> **Problem**
State the count of lines below in which the word "rule" appears, and add nothing.

(Records from a dataset)
──────────

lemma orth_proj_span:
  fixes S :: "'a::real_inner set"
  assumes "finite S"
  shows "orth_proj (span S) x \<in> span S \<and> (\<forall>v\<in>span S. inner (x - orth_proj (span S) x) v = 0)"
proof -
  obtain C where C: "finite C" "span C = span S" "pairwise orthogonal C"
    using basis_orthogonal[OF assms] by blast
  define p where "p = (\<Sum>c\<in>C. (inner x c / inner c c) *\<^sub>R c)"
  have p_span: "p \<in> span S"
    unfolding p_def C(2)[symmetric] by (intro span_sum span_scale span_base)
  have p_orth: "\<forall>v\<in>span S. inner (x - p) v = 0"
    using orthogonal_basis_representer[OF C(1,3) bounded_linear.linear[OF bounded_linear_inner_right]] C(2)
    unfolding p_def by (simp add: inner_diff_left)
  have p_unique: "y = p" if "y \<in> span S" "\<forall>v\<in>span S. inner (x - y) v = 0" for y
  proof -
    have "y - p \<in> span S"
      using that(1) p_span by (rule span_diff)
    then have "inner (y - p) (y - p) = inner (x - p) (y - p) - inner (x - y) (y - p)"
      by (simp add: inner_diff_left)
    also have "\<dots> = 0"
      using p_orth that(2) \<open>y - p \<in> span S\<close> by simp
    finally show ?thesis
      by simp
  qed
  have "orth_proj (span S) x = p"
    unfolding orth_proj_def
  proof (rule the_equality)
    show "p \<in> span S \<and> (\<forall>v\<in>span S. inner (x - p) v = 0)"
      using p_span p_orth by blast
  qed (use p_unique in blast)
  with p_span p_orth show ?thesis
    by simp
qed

──────────

> **Exercise output**
2